How do you determine if an IP address is private, in Python?

Question

In Python, what is the best way to determine if an IP address (e.g., \'127.0.0.1\' or \'10.98.76.6\') is on a private network? The code does not s

Answer 1

You can check that yourself using http://tools.ietf.org/html/rfc1918 and http://tools.ietf.org/html/rfc3330. If you have 127.0.0.1 you just need to & it with the mask (lets say 255.0.0.0) and see if the value matches any of the private network's network address. So using inet_pton you can do: 127.0.0.1 & 255.0.0.0 = 127.0.0.0

Here is the code that illustrates that:

from struct import unpack
from socket import AF_INET, inet_pton

def lookup(ip):
    f = unpack('!I',inet_pton(AF_INET,ip))[0]
    private = (
        [ 2130706432, 4278190080 ], # 127.0.0.0,   255.0.0.0   http://tools.ietf.org/html/rfc3330
        [ 3232235520, 4294901760 ], # 192.168.0.0, 255.255.0.0 http://tools.ietf.org/html/rfc1918
        [ 2886729728, 4293918720 ], # 172.16.0.0,  255.240.0.0 http://tools.ietf.org/html/rfc1918
        [ 167772160,  4278190080 ], # 10.0.0.0,    255.0.0.0   http://tools.ietf.org/html/rfc1918
    ) 
    for net in private:
        if (f & net[1]) == net[0]:
            return True
    return False

# example
print(lookup("127.0.0.1"))
print(lookup("192.168.10.1"))
print(lookup("10.10.10.10"))
print(lookup("172.17.255.255"))
# outputs True True True True

another implementation is to compute the int values of all private blocks:

from struct import unpack
from socket import AF_INET, inet_pton

lookup = "127.0.0.1"
f = unpack('!I',inet_pton(AF_INET,lookup))[0]
private = (["127.0.0.0","255.0.0.0"],["192.168.0.0","255.255.0.0"],["172.16.0.0","255.240.0.0"],["10.0.0.0","255.0.0.0"])
for net in private:
    mask = unpack('!I',inet_aton(net[1]))[0]
    p = unpack('!I',inet_aton(net[0]))[0]
    if (f & mask) == p:
        print lookup + " is private"

Answer 2

If you want to avoid importing a module you can just apply a simple regex:

• ^127.\d{1,3}.\d{1,3}.\d{1,3}$
• ^10.\d{1,3}.\d{1,3}.\d{1,3}$
• ^192.168.\d{1,3}$
• ^172.(1[6-9]|2[0-9]|3[0-1]).[0-9]{1,3}.[0-9]{1,3}$

Answer 3

Check out the IPy module. If has a function iptype() that seems to do what you want:

>>> from IPy import IP
>>> ip = IP('127.0.0.0/30')
>>> ip.iptype()
'PRIVATE'

Answer 4

I find this in cuckoo.There is no need to install new modules.Just import two built-in modules: socket and struct. And use function below.

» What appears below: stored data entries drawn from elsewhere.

(* Let $F$ be a 3SAT(3) formula satisfying the standing assumptions below, with variables $x_1,\dots,x_p$ and clauses $c_1,\dots,c_q$, and let $(G_s,L)$ be the temporal star constructed from $F$ as described below. For every nonnegative integer $\beta$: there exists a truth assignment $\tau$ of $F$ satisfying at least $\beta$ clauses of $F$ if and only if there exists a (partial) exploration $J$ of $(G_s,L)$ of size $|J|\ge 3p+\beta$.
   Context: A temporal star $(G_s,L)$ consists of a star $G_s$ with center $c$ and a map $L$ assigning to each edge a finite set of positive integer labels (times at which the edge is available). A journey is a sequence of time edges $(u,u_1,l_1),(u_1,u_2,l_2),\dots$ (each $l_t$ a label of the edge traversed) with strictly increasing labels $l_1<l_2<\cdots$. A (partial) exploration is a journey starting and ending at $c$; an edge $\{c,v\}$ is explored if the journey enters it from $c$ to $v$ at some label and later exits it from $v$ to $c$ at a strictly larger label; the size $|J|$ of an exploration $J$ is the number of edges (equivalently leaves) it explores. 3SAT(3): a CNF formula with variables $x_1,\dots,x_p$ and clauses $c_1,\dots,c_q$, each clause having at most $3$ literals and each variable appearing in at most $3$ clauses. Standing assumptions on $F$: every variable occurs at least once unnegated and at least once negated; if a variable occurs three times it occurs exactly once negated and twice unnegated, and if it occurs twice it occurs once negated and once unnegated. Construction of $(G_s,L)$ from $F$: the star has the following edges. For each $i=1,\dots,p$: an edge $e_i$ with labels $50i-10,\ 50i-7,\ 50i+10,\ 50i+13$; an edge $e_i'$ with labels $50i,\ 50i+1$; an edge $e_i''$ with labels $50i+15,\ 50i+16$. For each clause $c_j$, $j=1,\dots,q$, an edge $e_{p+j}$ whose labels are: for every variable $x_i$ appearing unnegated in $c_j$ such that $c_j$ is the first clause (in the order $c_1,\dots,c_q$) containing $x_i$ unnegated, the labels $50i-12,\ 50i-9$; for every variable $x_i$ appearing unnegated in $c_j$ such that an earlier clause already contains $x_i$ unnegated, the labels $50i-8,\ 50i-5$; for every variable $x_i$ appearing negated in $c_j$, the labels $50i+8,\ 50i+11$. *)

theory Defs
  imports Main
begin
lemma D_pos_after:
  assumes "0 \<le> \<alpha>" "\<alpha> < \<beta>" "\<beta> \<le> L" "0 \<le> D \<alpha>" "u \<alpha> \<le> 0" "0 \<le> w \<alpha>"
    and "0 < D \<alpha> \<or> u \<alpha> < 0 \<or> 0 < w \<alpha>"
  shows "0 < D \<beta>" "u \<beta> \<le> 0"
proof (atomize (full), cases "u \<alpha> < 0 \<or> 0 < w \<alpha>")
  case True
  then show "0 < D \<beta> \<and> u \<beta> \<le> 0" using D_pos_after_gap assms by blast
next
  case False
  then have "0 < D \<alpha>" using assms by auto
  moreover have "(D \<longlongrightarrow> D \<alpha>) (at_right \<alpha>)"
    using continuous_on_subset[OF cont_D, of "{\<alpha>..\<beta>}"] assms
    by (intro continuous_on_Icc_at_rightD) auto
  ultimately have "\<forall>\<^sub>F t in at_right \<alpha>. 0 < D t" by (simp add: order_tendstoD(1))
  then obtain \<delta> where "\<alpha> < \<delta>" and D_pos: "\<And>t. \<alpha> < t \<Longrightarrow> t < \<delta> \<Longrightarrow> 0 < D t"
    unfolding eventually_at_right_field by blast
  \<comment> \<open>Here u and w vanish at \<alpha>; just to the right D > 0 has already made w positive.\<close>
  define \<alpha>' where "\<alpha>' = (\<alpha> + min \<delta> \<beta>) / 2"
  have \<alpha>': "\<alpha> < \<alpha>'" "\<alpha>' < \<beta>" "\<alpha>' < \<delta>" using \<open>\<alpha> < \<delta>\<close> assms unfolding \<alpha>'_def by auto
  have D_pos': "0 < D t" if "\<alpha> < t" "t < \<alpha>'" for t
    using D_pos[of t] that \<alpha>' by simp
  have "w \<alpha> < w \<alpha>'" by (rule w_less) (use \<alpha>' D_pos' assms in auto)
  moreover have "u \<alpha>' \<le> 0"
    by (rule u_nonpos_forward(1)[of \<alpha>]) (use \<alpha>' D_pos' assms in \<open>auto intro: less_imp_le\<close>)
  moreover have "0 < D \<alpha>'" using D_pos \<alpha>' by simp
  ultimately show "0 < D \<beta> \<and> u \<beta> \<le> 0"
    using D_pos_after_gap[of \<alpha>' \<beta>] \<alpha>' assms by auto
qed

lemma zero_everywhere_if_zero_at:
  assumes "t \<in> {0..L}" "D t = 0" "u t = 0" "w t = 0" "y \<in> {0..L}"
  shows "D y = 0 \<and> u y = 0 \<and> w y = 0"
proof -
  define V where "V y = (D y)\<^sup>2 + (u y)\<^sup>2 + (w y)\<^sup>2" for y
  define V' where "V' y = 2 * D y * (w y - u y) + 2 * (b / a) * (u y)\<^sup>2 - 2 * (h / a) * u y * D y
    + 2 * (h / c) * w y * D y" for y
  define k where "k = 2 + 2 * (b / a) + h / a + h / c"
  have cont_V: "continuous_on {0..L} V"
    unfolding V_def by (intro continuous_intros cont_D cont_u cont_w)
  have deriv_V: "(V has_real_derivative V' x) (at x)" if "x \<in> {0<..<L}" for x
    unfolding V_def V'_def using a_pos c_pos
    by (auto intro!: derivative_eq_intros D_deriv u_deriv w_deriv that simp: field_simps power2_eq_square)
  have bound: "\<bar>V' x\<bar> \<le> k * V x" for x
    unfolding V_def V'_def k_def using a_pos b_pos c_pos h_pos by (intro energy_derivative_bound) auto
  have V_zero_iff: "V s = 0 \<longleftrightarrow> V s' = 0" if "s \<in> {0..L}" "s' \<in> {0..L}" "s \<le> s'" for s s'
  proof -
    have "continuous_on {s..s'} V" using continuous_on_subset[OF cont_V] that by auto
    moreover have "(V has_real_derivative V' x) (at x)" if "x \<in> {s<..<s'}" for x
      using deriv_V \<open>s \<in> {0..L}\<close> \<open>s' \<in> {0..L}\<close> that by auto
    moreover have "0 \<le> V x" for x unfolding V_def by simp
    ultimately show ?thesis
      using zero_propagates_if_deriv_bounded[of s s' V V' k] bound \<open>s \<le> s'\<close> by blast
  qed
  have "V t = 0" unfolding V_def using assms by simp
  then have "V y = 0"
    using V_zero_iff[of t y] V_zero_iff[of y t] assms(1,5) by (cases "t \<le> y") auto
  then show ?thesis unfolding V_def by (simp add: add_nonneg_eq_0_iff)
qed
lemma trig_approximable_scale:
  assumes "trig_approximable g"
  shows "trig_approximable (\<lambda>t. a * g t)"
  unfolding trig_approximable_def
proof (intro conjI allI impI)
  show "ess_bounded (\<lambda>t. a * g t)"
    using assms by (intro ess_bounded_scale) (auto simp: trig_approximable_def)
  fix e :: real
  assume "e > 0"
  define A where "A = (cmod a)\<^sup>2 + 1"
  have A: "A > 0"
    unfolding A_def by (simp add: add_nonneg_pos)
  obtain p where p: "is_trig_poly p" "dist2 g p < e / A"
    using assms \<open>e > 0\<close> A unfolding trig_approximable_def by (meson divide_pos_pos)
  have "dist2 (\<lambda>t. a * g t) (\<lambda>t. a * p t) = (cmod a)\<^sup>2 * dist2 g p"
    unfolding dist2_def by (simp add: right_diff_distrib[symmetric] norm_mult power_mult_distrib)
  also have "\<dots> \<le> A * dist2 g p"
    unfolding A_def by (intro mult_right_mono) (auto simp: dist2_def)
  also have "\<dots> < e"
    using p(2) A by (simp add: field_simps)
  finally show "\<exists>p. is_trig_poly p \<and> dist2 (\<lambda>t. a * g t) p < e"
    using p(1) is_trig_poly_scale by blast
qed

lemma trig_approximable_sum:
  "finite I \<Longrightarrow> (\<And>i. i \<in> I \<Longrightarrow> trig_approximable (g i)) \<Longrightarrow> trig_approximable (\<lambda>t. \<Sum>i\<in>I. g i t)"
  by (induction I rule: finite_induct)
    (auto intro: trig_approximable_add trig_approximable_trig_poly is_trig_poly_const)

lemma trig_approximable_cong:
  assumes "trig_approximable g" "h \<in> borel_measurable T_meas" "\<And>t. t \<in> space T_meas \<Longrightarrow> g t = h t"
  shows "trig_approximable h"
proof -
  have "dist2 h p = dist2 g p" for p
    unfolding dist2_def using assms(3) by (intro Bochner_Integration.integral_cong) auto
  moreover have "ess_bounded h"
  proof -
    obtain C where "AE t in T_meas. cmod (g t) \<le> C"
      using assms(1) unfolding trig_approximable_def ess_bounded_def by blast
    with AE_space have "AE t in T_meas. cmod (h t) \<le> C"
      by eventually_elim (use assms(3) in auto)
    then show ?thesis
      unfolding ess_bounded_def using assms(2) by blast
  qed
  ultimately show ?thesis
    using assms(1) unfolding trig_approximable_def by simp
qed

lemma trig_approximable_periodic_continuous:
  assumes cont: "continuous_on {0..2*pi} phi" and per: "phi 0 = phi (2*pi)"
  shows "trig_approximable phi"
proof -
  obtain C where C: "\<forall>t\<in>{0..2*pi}. cmod (phi t) \<le> C"
    using compact_imp_bounded[OF compact_continuous_image[OF cont compact_Icc]]
    unfolding bounded_iff by auto
  have "AE t in T_meas. cmod (phi t) \<le> C"
    using C by (intro AE_I2) simp
  then have bounded: "ess_bounded phi"
    unfolding ess_bounded_def using measurable_T_meas_continuous[OF cont] by blast
  show ?thesis
  proof (rule trig_approximable_if_close[OF bounded])
    fix e :: real
    assume "e > 0"
    define eta where "eta = min 1 (e / (4 * pi))"
    have eta: "eta > 0" "eta \<le> 1" "eta \<le> e / (4 * pi)"
      unfolding eta_def using \<open>e > 0\<close> by auto
    obtain F c where F: "finite F" "\<And>t. t \<in> {0..2*pi} \<Longrightarrow> cmod (phi t - trig_poly F c t) < eta"
      using periodic_continuous_trig_approx[OF cont per eta(1)] by blast
    have trig: "is_trig_poly (trig_poly F c)"
      unfolding is_trig_poly_def using F(1) by blast
    have "dist2 phi (trig_poly F c) \<le> 2 * pi * eta\<^sup>2"
      by (rule dist2_le_uniform[OF bounded ess_bounded_trig_poly[OF trig]])
        (use F(2) in \<open>auto intro!: AE_I2 less_imp_le\<close>)
    also have "\<dots> \<le> 2 * pi * eta"
      using eta by (intro mult_left_mono) (auto simp: power2_eq_square mult_le_cancel_right1)
    also have "\<dots> \<le> 2 * pi * (e / (4 * pi))"
      using eta by (intro mult_left_mono) auto
    also have "\<dots> < e"
      using \<open>e > 0\<close> by (simp add: field_simps)
    finally show "\<exists>h. trig_approximable h \<and> dist2 phi h < e"
      using trig_approximable_trig_poly[OF trig] by blast
  qed
qed

text \<open>Inner and outer regularity plus Urysohn's lemma; the bands \<open>[0, \<delta>]\<close> and
  \<open>[2\<pi> - \<delta>, 2\<pi>]\<close> are given up so that f vanishes at both ends.\<close>

lemma indicator_continuous_approx:
  assumes "A \<in> sets lebesgue" "e > 0"
  obtains f :: "real \<Rightarrow> real" and E
  where "continuous_on UNIV f" "\<And>x. 0 \<le> f x \<and> f x \<le> 1" "f 0 = 0" "f (2*pi) = 0"
    "E \<in> lmeasurable" "measure lebesgue E < e" "\<And>t. t \<in> {0..2*pi} - E \<Longrightarrow> f t = indicator A t"
proof -
  define delta where "delta = min 1 (e / 4)"
  have delta: "delta > 0" "delta \<le> e / 4"
    unfolding delta_def using assms(2) by auto
  obtain K where K: "closed K" "K \<subseteq> A" "A - K \<in> lmeasurable" "emeasure lebesgue (A - K) < ennreal (e / 4)"
    using sets_lebesgue_inner_closed[OF assms(1), of "e / 4"] assms(2) by auto
  obtain U where U: "open U" "A \<subseteq> U" "U - A \<in> lmeasurable" "emeasure lebesgue (U - A) < ennreal (e / 4)"
    using sets_lebesgue_outer_open[OF assms(1), of "e / 4"] assms(2) by auto
  define K' where "K' = K \<inter> {delta..2*pi - delta}"
  define V where "V = U \<inter> {delta/2<..<2*pi - delta/2}"
  have "closed K'"
    unfolding K'_def using K(1) by (intro closed_Int) auto
  moreover have "closed (- V)"
    unfolding V_def using U(1) by (intro closed_Compl open_Int) auto
  moreover have "K' \<inter> - V = {}"
    unfolding K'_def V_def using K(2) U(2) delta(1) by auto
  ultimately obtain f :: "real \<Rightarrow> real" where f: "continuous_on UNIV f" "\<And>x. f x \<in> closed_segment 1 0"
    "\<And>x. f x = 1 \<longleftrightarrow> x \<in> K'" "\<And>x. f x = 0 \<longleftrightarrow> x \<in> - V"
    using Urysohn_strong[of K' "- V" "1::real" 0] by auto
  define E where "E = (U - A) \<union> (A - K) \<union> {0..delta} \<union> {2*pi - delta..2*pi}"
  have Icc: "{a..b} \<in> lmeasurable" for a b :: real
    using lmeasurable_cbox[of a b] by simp
  show ?thesis
  proof (rule that[of f E])
    show "continuous_on UNIV f"
      by (fact f(1))
    show "0 \<le> f x \<and> f x \<le> 1" for x
      using f(2)[of x] by (auto simp: closed_segment_eq_real_ivl)
    show "f 0 = 0" "f (2*pi) = 0"
      using f(4) delta(1) by (auto simp: V_def)
    show "E \<in> lmeasurable"
      unfolding E_def using U(3) K(3) Icc by (intro fmeasurable.Un) auto
    have "measure lebesgue E \<le> measure lebesgue (U - A) + measure lebesgue (A - K)
        + measure lebesgue {0..delta} + measure lebesgue {2*pi - delta..2*pi}"
      unfolding E_def using U(3) K(3) Icc by (smt (verit) fmeasurableD fmeasurable.Un measure_Un_le)
    also have "\<dots> < e / 4 + e / 4 + e / 4 + e / 4"
      using U(3,4) K(3,4) delta assms(2) by (simp add: emeasure_eq_measure2 ennreal_less_iff)
    finally show "measure lebesgue E < e" by simp
    show "f t = indicator A t" if "t \<in> {0..2*pi} - E" for t
    proof (cases "t \<in> A")
      case True
      then have "t \<in> K'" using that unfolding E_def K'_def by auto
      then show ?thesis using True f(3) by simp
    next
      case False
      then have "t \<in> - V" using that unfolding E_def V_def by auto
      then show ?thesis using False f(4) by simp
    qed
  qed
qed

def _is_private_ip(self, ip):
    """Check if the IP belongs to private network blocks.
    @param ip: IP address to verify.
    @return: boolean representing whether the IP belongs or not to
             a private network block.
    """
    networks = [
        "0.0.0.0/8",
        "10.0.0.0/8",
        "100.64.0.0/10",
        "127.0.0.0/8",
        "169.254.0.0/16",
        "172.16.0.0/12",
        "192.0.0.0/24",
        "192.0.2.0/24",
        "192.88.99.0/24",
        "192.168.0.0/16",
        "198.18.0.0/15",
        "198.51.100.0/24",
        "203.0.113.0/24",
        "240.0.0.0/4",
        "255.255.255.255/32",
        "224.0.0.0/4",
    ]

    for network in networks:
        try:
            ipaddr = struct.unpack(">I", socket.inet_aton(ip))[0]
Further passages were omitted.